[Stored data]
(* Let $D$ be a strongly connected digraph with $\chi(D)\geq 4$. Then $D$ contains a subdivision of $B(2,1;1)$.
   Context: Digraphs are finite, without loops or parallel arcs (opposite arcs allowed). $\chi(D)$ is the chromatic number of the underlying undirected graph of $D$. A digraph is strongly connected if every vertex can reach every other vertex by a directed path. For positive integers $k_1,k_2,k_3$, a digraph $D$ contains a subdivision of $B(k_1,k_2;k_3)$ if there exist distinct vertices $x,y$ of $D$ and three pairwise internally vertex-disjoint directed paths in $D$: two from $x$ to $y$, of lengths (numbers of arcs) at least $k_1$ and at least $k_2$ respectively, and one from $y$ to $x$ of length at least $k_3$. *)

theory Defs
  imports Main
begin

text \<open>A digraph is given by a vertex set V and an arc relation A: finite, loopless,
  arcs between vertices of V. Parallel arcs cannot occur (A is a set); opposite arcs allowed.\<close>

definition digraph :: "'a set \<Rightarrow> ('a \<times> 'a) set \<Rightarrow> bool" where
  "digraph V A \<longleftrightarrow> finite V \<and> A \<subseteq> V \<times> V \<and> (\<forall>v. (v, v) \<notin> A)"

definition strongly_connected :: "'a set \<Rightarrow> ('a \<times> 'a) set \<Rightarrow> bool" where
  "strongly_connected V A \<longleftrightarrow> (\<forall>u\<in>V. \<forall>v\<in>V. (u, v) \<in> A\<^sup>*)"

definition proper_colouring :: "'a set \<Rightarrow> ('a \<times> 'a) set \<Rightarrow> nat \<Rightarrow> ('a \<Rightarrow> nat) \<Rightarrow> bool" where
  "proper_colouring V A k c \<longleftrightarrow> (\<forall>v\<in>V. c v < k) \<and> (\<forall>(u, v)\<in>A. c u \<noteq> c v)"

definition chromatic_number :: "'a set \<Rightarrow> ('a \<times> 'a) set \<Rightarrow> nat" where
  "chromatic_number V A = (LEAST k. \<exists>c. proper_colouring V A k c)"

definition dpath :: "('a \<times> 'a) set \<Rightarrow> 'a list \<Rightarrow> 'a \<Rightarrow> 'a \<Rightarrow> bool" where
  "dpath A p x y \<longleftrightarrow> length p \<ge> 1 \<and> distinct p \<and> hd p = x \<and> last p = y \<and>
     (\<forall>i. Suc i < length p \<longrightarrow> (p ! i, p ! Suc i) \<in> A)"

definition path_len :: "'a list \<Rightarrow> nat" where
  "path_len p = length p - 1"

definition inner :: "'a list \<Rightarrow> 'a set" where
  "inner p = set (butlast (tl p))"

definition contains_B_subdivision :: "'a set \<Rightarrow> ('a \<times> 'a) set \<Rightarrow> nat \<Rightarrow> nat \<Rightarrow> nat \<Rightarrow> bool" where
  "contains_B_subdivision V A k1 k2 k3 \<longleftrightarrow>
    (\<exists>x\<in>V. \<exists>y\<in>V. \<exists>P1 P2 P3. x \<noteq> y \<and>
       dpath A P1 x y \<and> dpath A P2 x y \<and> dpath A P3 y x \<and>
       path_len P1 \<ge> k1 \<and> path_len P2 \<ge> k2 \<and> path_len P3 \<ge> k3 \<and>
       set P1 \<inter> set P2 = {x, y} \<and> set P1 \<inter> set P3 = {x, y} \<and> set P2 \<inter> set P3 = {x, y})"

end

theory Submission
  imports Defs
begin

text \<open>Assume D contains no subdivision of B(2,1;1); we show that D is 3-colourable.
  Take a largest vertex set S that induces a strongly connected subdigraph with a proper
  3-colouring. If S is not everything, strong connectivity yields an ear: a path leaving S at u and
  re-entering it at w, with all inner vertices outside S. If w \<noteq> u, then paths inside S from w to
  some vertex y and between u and y, chosen to meet only where they must, form a B(2,1;1) together
  with the ear. Hence the ear is a cycle through u, and by the same argument no arc joins its other
  vertices to S - {u}. Every arc between two vertices of the cycle is a cycle arc, since any other
  arc together with the two segments of the cycle between its ends is a B(2,1;1). Colouring the new
  vertices alternately with the two colours different from that of u extends the colouring to a
  larger set, a contradiction.\<close>

section \<open>Directed paths and reachability\<close>

lemma dpath_Nil [simp]: "\<not> dpath A [] x y"
  by (simp add: dpath_def)

lemma dpath_singleton_iff [simp]: "dpath A [v] x y \<longleftrightarrow> x = v \<and> y = v"
  by (auto simp: dpath_def)

lemma dpath_Cons_Cons_iff:
  "dpath A (v # w # p) x y \<longleftrightarrow> x = v \<and> (v, w) \<in> A \<and> v \<notin> set (w # p) \<and> dpath A (w # p) w y"
proof -
  have "(\<forall>i. Suc i < length (v # w # p) \<longrightarrow> ((v # w # p) ! i, (v # w # p) ! Suc i) \<in> A) \<longleftrightarrow>
    (\<forall>i < Suc (length p). ((v # w # p) ! i, (v # w # p) ! Suc i) \<in> A)"
    by auto
  also have "\<dots> \<longleftrightarrow> (v, w) \<in> A \<and> (\<forall>i. Suc i < length (w # p) \<longrightarrow> ((w # p) ! i, (w # p) ! Suc i) \<in> A)"
    unfolding All_less_Suc2 by auto
  finally show ?thesis unfolding dpath_def by auto
qed

lemma dpath_hd: "dpath A p x y \<Longrightarrow> p = x # tl p"
  by (cases p) (auto simp: dpath_def)

lemma dpath_ends_in_set: "dpath A p x y \<Longrightarrow> x \<in> set p \<and> y \<in> set p"
  by (cases p) (auto simp: dpath_def)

=== ABOUT THIS EXERCISE ===
Restate word for word the lines above, beginning at the first one and ending at the line that carries "(LEAST k. \<exists>c.".

=== SOLVED PROBLEM ===
(* Let $D$ be a strongly connected digraph with $\chi(D)\geq 4$. Then $D$ contains a subdivision of $B(2,1;1)$.
   Context: Digraphs are finite, without loops or parallel arcs (opposite arcs allowed). $\chi(D)$ is the chromatic number of the underlying undirected graph of $D$. A digraph is strongly connected if every vertex can reach every other vertex by a directed path. For positive integers $k_1,k_2,k_3$, a digraph $D$ contains a subdivision of $B(k_1,k_2;k_3)$ if there exist distinct vertices $x,y$ of $D$ and three pairwise internally vertex-disjoint directed paths in $D$: two from $x$ to $y$, of lengths (numbers of arcs) at least $k_1$ and at least $k_2$ respectively, and one from $y$ to $x$ of length at least $k_3$. *)

theory Defs
  imports Main
begin

text \<open>A digraph is given by a vertex set V and an arc relation A: finite, loopless,
  arcs between vertices of V. Parallel arcs cannot occur (A is a set); opposite arcs allowed.\<close>

definition digraph :: "'a set \<Rightarrow> ('a \<times> 'a) set \<Rightarrow> bool" where
  "digraph V A \<longleftrightarrow> finite V \<and> A \<subseteq> V \<times> V \<and> (\<forall>v. (v, v) \<notin> A)"

definition strongly_connected :: "'a set \<Rightarrow> ('a \<times> 'a) set \<Rightarrow> bool" where
  "strongly_connected V A \<longleftrightarrow> (\<forall>u\<in>V. \<forall>v\<in>V. (u, v) \<in> A\<^sup>*)"

definition proper_colouring :: "'a set \<Rightarrow> ('a \<times> 'a) set \<Rightarrow> nat \<Rightarrow> ('a \<Rightarrow> nat) \<Rightarrow> bool" where
  "proper_colouring V A k c \<longleftrightarrow> (\<forall>v\<in>V. c v < k) \<and> (\<forall>(u, v)\<in>A. c u \<noteq> c v)"

definition chromatic_number :: "'a set \<Rightarrow> ('a \<times> 'a) set \<Rightarrow> nat" where
  "chromatic_number V A = (LEAST k. \<exists>c. proper_colouring V A k c)"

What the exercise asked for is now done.